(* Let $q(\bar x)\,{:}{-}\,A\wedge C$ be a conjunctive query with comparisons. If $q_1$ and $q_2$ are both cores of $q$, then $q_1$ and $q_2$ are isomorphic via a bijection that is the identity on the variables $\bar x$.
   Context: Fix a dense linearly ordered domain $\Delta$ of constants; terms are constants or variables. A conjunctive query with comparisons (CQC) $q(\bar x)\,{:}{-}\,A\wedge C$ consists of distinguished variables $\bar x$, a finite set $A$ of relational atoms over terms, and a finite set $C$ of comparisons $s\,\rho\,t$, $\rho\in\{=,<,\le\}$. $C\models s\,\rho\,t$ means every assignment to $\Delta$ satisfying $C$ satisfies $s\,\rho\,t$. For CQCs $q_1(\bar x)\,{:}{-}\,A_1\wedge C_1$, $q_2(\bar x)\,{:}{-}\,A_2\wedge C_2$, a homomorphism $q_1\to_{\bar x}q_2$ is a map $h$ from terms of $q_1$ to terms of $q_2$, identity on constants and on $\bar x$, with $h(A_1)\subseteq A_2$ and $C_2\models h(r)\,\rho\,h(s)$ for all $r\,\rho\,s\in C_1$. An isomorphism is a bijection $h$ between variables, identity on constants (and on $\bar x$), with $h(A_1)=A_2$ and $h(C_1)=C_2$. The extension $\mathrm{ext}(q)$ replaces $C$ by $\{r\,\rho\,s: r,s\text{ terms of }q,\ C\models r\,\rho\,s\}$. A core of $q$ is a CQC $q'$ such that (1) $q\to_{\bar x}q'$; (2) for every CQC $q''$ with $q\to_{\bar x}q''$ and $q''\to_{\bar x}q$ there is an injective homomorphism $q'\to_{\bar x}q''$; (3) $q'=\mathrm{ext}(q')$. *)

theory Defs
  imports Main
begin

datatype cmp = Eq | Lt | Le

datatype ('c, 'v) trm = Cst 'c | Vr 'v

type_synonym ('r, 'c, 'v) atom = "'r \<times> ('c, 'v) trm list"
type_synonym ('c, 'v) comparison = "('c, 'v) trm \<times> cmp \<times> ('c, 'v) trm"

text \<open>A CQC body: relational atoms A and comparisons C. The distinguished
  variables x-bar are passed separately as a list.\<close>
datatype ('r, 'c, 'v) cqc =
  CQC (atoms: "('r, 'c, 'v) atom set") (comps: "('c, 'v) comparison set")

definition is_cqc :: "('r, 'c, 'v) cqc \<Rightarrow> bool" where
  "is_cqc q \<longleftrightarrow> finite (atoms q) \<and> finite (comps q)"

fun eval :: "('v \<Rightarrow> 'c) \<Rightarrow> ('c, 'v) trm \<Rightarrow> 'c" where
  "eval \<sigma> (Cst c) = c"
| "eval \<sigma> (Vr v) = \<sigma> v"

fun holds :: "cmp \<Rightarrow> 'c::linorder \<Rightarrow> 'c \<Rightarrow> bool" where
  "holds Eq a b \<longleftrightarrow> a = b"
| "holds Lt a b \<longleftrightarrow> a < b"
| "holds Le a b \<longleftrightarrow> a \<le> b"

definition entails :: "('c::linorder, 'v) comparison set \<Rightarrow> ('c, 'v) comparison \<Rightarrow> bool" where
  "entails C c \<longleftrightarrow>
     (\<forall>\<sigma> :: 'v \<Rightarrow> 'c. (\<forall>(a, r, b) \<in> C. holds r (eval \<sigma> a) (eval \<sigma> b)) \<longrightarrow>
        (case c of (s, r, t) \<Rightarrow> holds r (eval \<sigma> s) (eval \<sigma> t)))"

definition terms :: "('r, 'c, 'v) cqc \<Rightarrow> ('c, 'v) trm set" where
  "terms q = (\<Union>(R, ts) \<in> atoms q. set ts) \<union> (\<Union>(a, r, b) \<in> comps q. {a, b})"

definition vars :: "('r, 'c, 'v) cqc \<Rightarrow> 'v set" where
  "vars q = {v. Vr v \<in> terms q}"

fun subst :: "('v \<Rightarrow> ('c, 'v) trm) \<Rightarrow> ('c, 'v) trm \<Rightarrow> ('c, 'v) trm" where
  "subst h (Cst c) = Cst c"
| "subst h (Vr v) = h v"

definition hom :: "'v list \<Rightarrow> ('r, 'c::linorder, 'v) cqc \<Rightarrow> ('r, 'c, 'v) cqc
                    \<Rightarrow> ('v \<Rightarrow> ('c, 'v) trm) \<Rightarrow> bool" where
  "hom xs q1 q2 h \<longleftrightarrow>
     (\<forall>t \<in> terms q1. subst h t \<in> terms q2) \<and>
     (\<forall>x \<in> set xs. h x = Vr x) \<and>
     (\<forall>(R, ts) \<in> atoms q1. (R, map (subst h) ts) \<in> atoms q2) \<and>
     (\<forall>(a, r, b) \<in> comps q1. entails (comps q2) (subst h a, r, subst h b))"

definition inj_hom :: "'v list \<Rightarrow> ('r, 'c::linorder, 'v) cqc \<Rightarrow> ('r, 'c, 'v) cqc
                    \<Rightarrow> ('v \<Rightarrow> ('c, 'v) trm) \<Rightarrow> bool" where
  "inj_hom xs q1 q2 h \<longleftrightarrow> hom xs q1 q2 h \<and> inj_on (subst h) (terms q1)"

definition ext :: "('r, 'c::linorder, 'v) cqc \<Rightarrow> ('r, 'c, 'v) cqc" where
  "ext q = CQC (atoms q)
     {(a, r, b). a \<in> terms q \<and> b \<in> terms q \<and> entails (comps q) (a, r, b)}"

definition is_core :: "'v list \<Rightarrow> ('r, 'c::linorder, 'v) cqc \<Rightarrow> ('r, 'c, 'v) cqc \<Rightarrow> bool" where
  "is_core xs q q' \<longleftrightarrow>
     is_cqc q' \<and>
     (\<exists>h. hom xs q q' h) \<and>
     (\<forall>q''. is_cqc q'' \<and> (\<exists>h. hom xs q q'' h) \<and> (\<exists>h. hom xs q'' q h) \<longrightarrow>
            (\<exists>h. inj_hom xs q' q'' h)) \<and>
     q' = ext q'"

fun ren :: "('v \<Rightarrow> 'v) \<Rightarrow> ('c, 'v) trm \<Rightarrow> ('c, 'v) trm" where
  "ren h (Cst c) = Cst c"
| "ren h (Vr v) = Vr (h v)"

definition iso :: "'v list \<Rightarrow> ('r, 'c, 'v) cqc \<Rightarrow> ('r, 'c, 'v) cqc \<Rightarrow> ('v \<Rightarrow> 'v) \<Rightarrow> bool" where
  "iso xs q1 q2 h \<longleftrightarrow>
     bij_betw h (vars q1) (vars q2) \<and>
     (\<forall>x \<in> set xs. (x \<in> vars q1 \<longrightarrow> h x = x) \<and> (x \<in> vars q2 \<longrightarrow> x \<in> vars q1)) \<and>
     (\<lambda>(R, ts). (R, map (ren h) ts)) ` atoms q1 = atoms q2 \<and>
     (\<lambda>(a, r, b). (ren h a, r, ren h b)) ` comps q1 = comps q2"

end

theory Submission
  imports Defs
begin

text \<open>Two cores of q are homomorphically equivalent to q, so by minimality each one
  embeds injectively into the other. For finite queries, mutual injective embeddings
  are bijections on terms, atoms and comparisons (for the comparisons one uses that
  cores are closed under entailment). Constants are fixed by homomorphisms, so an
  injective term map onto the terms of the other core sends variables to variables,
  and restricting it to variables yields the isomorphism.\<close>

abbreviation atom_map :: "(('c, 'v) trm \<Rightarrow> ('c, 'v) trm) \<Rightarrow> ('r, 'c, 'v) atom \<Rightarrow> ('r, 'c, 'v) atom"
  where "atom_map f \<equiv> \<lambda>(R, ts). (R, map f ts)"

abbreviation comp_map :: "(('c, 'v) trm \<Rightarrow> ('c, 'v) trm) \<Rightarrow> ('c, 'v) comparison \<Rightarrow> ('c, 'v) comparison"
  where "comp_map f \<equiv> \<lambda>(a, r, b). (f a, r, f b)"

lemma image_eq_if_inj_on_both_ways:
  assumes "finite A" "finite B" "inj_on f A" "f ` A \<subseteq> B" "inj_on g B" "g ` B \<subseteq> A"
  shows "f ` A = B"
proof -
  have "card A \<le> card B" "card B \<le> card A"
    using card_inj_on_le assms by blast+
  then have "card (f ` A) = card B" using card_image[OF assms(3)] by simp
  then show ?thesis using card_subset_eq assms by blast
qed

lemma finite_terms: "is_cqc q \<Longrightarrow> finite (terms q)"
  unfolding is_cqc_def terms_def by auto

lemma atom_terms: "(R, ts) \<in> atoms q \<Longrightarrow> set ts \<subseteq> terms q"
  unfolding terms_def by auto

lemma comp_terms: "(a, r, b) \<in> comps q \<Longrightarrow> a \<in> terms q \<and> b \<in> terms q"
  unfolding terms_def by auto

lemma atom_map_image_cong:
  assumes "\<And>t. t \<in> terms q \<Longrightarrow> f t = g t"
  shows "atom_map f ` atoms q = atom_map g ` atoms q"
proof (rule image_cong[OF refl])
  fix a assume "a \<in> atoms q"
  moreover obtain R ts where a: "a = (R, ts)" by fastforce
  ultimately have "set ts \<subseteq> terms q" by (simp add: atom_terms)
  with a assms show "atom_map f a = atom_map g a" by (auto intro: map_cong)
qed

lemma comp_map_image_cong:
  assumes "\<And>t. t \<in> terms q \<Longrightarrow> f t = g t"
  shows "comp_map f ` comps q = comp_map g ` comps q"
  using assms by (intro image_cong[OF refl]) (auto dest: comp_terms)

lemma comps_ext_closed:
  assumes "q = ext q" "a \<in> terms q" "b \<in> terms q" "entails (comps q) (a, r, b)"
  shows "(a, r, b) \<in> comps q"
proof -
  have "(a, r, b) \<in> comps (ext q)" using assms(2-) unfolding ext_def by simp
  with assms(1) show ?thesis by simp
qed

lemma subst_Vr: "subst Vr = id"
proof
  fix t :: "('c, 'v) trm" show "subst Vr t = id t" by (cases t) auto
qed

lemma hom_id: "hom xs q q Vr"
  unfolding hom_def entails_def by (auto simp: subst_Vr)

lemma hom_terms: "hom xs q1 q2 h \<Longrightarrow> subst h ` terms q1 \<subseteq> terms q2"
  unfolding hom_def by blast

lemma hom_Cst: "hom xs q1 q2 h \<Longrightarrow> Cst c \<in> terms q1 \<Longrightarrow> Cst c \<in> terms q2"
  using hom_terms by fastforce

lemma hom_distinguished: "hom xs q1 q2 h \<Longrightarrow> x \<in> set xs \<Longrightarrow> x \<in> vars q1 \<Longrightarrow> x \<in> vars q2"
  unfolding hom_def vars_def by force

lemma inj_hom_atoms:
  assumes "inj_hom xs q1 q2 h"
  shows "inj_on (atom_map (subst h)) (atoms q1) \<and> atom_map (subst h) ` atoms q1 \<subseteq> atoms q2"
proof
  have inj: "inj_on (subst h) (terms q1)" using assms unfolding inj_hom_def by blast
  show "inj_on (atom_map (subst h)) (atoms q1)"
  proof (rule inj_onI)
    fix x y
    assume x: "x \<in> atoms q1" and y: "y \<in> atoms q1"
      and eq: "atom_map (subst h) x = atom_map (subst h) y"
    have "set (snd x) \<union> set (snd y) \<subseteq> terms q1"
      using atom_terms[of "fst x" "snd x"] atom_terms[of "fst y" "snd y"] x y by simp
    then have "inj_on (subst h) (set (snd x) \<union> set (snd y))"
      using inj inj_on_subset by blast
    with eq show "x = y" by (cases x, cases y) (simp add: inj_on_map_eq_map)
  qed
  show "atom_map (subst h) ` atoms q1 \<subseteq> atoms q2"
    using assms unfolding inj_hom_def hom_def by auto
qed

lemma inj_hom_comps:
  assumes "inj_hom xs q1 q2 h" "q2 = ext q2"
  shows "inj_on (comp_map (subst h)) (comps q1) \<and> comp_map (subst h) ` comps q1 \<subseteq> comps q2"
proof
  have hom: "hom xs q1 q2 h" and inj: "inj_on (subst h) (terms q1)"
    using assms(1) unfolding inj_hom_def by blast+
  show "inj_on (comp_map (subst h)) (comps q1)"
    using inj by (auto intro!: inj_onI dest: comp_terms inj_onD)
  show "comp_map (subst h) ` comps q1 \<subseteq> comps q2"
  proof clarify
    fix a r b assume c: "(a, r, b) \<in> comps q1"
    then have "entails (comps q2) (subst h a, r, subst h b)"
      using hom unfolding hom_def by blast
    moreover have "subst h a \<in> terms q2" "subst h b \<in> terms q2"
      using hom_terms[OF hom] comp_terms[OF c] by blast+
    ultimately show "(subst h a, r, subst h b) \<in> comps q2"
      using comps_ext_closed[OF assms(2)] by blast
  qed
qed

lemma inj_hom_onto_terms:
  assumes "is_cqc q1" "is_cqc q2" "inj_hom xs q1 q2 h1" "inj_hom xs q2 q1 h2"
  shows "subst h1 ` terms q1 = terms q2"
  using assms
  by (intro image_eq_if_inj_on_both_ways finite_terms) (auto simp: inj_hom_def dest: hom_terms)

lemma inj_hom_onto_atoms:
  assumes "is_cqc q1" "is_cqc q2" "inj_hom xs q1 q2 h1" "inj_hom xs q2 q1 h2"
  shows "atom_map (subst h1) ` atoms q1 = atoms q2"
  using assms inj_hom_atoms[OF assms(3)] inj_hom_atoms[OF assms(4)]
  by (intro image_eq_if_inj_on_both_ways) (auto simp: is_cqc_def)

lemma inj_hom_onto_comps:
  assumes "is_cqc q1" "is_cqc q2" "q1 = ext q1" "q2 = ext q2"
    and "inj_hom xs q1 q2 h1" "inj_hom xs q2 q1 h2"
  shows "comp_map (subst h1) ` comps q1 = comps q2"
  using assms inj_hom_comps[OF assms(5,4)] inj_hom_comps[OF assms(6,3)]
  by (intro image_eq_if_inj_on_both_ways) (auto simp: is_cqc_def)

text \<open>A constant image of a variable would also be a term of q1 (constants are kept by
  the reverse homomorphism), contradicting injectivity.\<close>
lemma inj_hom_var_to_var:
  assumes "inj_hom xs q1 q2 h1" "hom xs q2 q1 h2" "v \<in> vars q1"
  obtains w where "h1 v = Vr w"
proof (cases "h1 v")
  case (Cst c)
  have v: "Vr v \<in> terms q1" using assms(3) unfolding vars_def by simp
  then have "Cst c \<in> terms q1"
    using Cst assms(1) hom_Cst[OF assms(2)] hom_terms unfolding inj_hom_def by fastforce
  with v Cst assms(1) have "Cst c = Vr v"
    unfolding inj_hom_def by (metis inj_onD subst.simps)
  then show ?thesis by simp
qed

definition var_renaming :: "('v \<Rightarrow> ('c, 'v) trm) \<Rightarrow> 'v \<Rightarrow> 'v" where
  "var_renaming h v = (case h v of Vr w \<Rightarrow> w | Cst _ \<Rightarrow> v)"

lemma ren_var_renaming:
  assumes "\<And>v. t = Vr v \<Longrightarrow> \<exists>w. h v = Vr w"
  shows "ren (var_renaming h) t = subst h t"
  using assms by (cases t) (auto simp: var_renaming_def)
□ □ □ □ □
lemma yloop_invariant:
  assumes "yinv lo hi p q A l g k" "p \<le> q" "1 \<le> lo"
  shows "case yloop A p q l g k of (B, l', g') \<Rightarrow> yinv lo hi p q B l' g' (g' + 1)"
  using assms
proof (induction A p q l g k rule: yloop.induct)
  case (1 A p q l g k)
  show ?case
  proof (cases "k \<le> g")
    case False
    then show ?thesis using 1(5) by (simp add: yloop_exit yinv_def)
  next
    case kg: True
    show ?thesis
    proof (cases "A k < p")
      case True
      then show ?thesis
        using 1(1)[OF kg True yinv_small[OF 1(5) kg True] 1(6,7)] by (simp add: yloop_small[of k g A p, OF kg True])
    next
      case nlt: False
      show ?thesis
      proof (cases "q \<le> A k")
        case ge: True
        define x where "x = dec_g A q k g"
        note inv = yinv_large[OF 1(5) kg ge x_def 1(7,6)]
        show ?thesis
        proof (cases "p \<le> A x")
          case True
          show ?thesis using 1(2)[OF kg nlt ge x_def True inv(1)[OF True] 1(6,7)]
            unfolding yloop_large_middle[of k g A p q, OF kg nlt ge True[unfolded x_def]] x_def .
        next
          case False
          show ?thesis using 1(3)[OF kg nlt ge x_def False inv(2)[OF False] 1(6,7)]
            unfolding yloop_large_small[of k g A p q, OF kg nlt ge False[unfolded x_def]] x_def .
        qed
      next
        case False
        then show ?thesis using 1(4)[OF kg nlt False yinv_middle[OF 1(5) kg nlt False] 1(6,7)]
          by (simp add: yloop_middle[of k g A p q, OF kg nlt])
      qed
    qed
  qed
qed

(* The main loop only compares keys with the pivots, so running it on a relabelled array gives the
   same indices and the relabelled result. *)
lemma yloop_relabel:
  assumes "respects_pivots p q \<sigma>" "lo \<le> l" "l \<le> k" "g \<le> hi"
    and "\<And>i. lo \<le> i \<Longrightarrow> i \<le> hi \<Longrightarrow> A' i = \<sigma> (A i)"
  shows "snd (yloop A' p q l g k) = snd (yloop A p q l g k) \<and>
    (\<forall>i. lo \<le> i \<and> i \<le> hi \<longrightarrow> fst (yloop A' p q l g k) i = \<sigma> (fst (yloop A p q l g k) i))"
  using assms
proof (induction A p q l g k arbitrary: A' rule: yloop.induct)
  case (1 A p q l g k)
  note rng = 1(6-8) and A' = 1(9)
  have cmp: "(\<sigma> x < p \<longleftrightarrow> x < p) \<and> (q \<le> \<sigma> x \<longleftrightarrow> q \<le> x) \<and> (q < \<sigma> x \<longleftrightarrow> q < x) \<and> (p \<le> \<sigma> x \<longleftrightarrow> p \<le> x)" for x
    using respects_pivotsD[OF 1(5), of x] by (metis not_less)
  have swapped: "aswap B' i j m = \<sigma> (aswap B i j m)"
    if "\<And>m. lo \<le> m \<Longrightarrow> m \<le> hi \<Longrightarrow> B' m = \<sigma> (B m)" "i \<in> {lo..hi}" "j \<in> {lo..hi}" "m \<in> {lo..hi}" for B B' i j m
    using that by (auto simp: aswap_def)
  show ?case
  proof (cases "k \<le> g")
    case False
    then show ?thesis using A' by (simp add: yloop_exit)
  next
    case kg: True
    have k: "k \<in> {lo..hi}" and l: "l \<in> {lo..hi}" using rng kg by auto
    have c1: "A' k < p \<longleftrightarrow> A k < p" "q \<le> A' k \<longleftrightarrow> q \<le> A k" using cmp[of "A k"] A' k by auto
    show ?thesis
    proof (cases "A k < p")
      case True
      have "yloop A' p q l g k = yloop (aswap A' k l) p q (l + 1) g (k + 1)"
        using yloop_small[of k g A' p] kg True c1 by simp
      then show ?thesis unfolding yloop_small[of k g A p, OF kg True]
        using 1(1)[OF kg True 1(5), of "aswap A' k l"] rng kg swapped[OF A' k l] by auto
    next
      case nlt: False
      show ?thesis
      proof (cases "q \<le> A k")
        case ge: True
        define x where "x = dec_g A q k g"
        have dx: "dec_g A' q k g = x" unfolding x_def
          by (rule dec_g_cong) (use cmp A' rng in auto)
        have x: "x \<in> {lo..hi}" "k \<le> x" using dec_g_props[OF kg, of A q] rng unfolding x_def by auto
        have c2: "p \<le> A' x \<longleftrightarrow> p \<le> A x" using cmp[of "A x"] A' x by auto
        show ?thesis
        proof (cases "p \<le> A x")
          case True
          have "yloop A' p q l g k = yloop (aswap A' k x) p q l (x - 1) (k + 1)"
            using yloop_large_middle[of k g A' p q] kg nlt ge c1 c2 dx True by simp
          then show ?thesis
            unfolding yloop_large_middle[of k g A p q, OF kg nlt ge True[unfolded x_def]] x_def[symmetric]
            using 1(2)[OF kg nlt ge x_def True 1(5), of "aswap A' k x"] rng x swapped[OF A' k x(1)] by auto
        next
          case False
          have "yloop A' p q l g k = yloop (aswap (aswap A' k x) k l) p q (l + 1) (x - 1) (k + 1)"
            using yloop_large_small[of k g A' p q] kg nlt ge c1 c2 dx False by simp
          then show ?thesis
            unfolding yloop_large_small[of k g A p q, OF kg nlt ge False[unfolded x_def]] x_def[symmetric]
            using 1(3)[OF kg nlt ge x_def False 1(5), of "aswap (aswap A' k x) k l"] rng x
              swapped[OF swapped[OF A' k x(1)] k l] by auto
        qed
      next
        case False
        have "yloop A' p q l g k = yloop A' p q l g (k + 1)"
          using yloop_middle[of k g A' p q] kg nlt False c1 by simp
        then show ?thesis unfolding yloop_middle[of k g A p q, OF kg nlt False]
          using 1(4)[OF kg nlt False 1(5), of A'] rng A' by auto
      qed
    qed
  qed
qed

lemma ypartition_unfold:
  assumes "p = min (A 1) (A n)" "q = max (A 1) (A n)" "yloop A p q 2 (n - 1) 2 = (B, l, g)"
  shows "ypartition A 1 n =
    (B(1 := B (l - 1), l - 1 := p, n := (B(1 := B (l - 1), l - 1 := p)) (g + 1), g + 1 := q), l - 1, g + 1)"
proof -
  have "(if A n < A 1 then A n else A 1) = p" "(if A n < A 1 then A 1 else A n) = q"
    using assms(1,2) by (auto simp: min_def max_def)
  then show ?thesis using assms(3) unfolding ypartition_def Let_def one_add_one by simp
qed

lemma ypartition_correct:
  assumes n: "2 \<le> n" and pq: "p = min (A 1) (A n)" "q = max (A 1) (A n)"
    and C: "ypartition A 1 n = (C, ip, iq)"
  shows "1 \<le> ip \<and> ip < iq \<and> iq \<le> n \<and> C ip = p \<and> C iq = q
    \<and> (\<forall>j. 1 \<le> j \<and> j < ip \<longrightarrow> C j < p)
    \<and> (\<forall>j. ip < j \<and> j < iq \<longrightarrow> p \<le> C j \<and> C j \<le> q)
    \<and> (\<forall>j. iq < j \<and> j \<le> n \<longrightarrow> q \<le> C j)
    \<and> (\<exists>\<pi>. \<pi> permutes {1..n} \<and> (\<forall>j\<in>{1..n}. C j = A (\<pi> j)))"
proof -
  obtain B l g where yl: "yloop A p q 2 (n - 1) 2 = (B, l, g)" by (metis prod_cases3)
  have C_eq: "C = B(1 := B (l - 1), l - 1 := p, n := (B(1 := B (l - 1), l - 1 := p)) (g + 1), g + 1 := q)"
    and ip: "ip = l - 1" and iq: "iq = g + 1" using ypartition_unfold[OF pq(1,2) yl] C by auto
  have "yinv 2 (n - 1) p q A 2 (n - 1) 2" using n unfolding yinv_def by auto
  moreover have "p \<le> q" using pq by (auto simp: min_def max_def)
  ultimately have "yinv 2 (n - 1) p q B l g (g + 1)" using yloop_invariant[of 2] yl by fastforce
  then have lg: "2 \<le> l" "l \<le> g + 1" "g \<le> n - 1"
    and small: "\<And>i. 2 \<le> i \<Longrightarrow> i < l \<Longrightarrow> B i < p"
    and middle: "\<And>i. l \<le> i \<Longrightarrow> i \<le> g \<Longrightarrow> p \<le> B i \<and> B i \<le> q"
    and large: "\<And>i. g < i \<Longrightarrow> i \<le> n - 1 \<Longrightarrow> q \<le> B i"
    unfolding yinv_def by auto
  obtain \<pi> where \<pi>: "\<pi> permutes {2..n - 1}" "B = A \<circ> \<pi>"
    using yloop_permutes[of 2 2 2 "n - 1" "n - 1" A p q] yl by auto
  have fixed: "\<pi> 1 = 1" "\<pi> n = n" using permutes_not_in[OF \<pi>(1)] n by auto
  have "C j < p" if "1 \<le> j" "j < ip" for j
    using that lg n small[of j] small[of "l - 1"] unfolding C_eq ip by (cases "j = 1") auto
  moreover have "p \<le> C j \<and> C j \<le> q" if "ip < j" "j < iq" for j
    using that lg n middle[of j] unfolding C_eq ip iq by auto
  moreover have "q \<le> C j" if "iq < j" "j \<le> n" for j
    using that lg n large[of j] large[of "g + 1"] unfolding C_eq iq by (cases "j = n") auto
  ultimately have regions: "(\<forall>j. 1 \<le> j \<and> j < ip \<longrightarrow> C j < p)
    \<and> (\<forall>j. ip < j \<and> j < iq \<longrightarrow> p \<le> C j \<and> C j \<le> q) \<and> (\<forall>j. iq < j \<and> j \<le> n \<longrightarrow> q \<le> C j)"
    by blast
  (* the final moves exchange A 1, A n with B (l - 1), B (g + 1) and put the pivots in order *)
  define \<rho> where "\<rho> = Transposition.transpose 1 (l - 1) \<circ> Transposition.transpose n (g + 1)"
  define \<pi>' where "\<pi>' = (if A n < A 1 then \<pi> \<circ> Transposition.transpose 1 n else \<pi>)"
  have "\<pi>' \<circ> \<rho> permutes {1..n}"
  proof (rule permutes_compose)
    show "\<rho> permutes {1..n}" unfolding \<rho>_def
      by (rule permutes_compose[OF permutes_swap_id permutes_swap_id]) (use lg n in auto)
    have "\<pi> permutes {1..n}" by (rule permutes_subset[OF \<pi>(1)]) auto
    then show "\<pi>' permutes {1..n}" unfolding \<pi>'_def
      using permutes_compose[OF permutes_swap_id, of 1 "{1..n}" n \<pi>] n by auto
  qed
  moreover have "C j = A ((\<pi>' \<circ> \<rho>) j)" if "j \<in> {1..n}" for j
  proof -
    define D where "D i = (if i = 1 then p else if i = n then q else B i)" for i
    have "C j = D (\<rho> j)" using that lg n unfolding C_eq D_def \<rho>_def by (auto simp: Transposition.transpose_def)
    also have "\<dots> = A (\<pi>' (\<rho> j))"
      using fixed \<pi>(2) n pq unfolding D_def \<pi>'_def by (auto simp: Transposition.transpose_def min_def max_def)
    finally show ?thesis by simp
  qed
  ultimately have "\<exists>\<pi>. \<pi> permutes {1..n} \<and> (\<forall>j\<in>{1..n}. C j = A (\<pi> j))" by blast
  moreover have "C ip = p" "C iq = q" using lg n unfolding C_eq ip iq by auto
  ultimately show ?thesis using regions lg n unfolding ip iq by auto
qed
□ □ □ □ □
PROBLEM DESCRIPTION: Look over the data above and show each line that contains "times".

RESULT OF THIS EXERCISE:
type_synonym ('r, 'c, 'v) atom = "'r \<times> ('c, 'v) trm list"
type_synonym ('c, 'v) comparison = "('c, 'v) trm \<times> cmp \<times> ('c, 'v) trm"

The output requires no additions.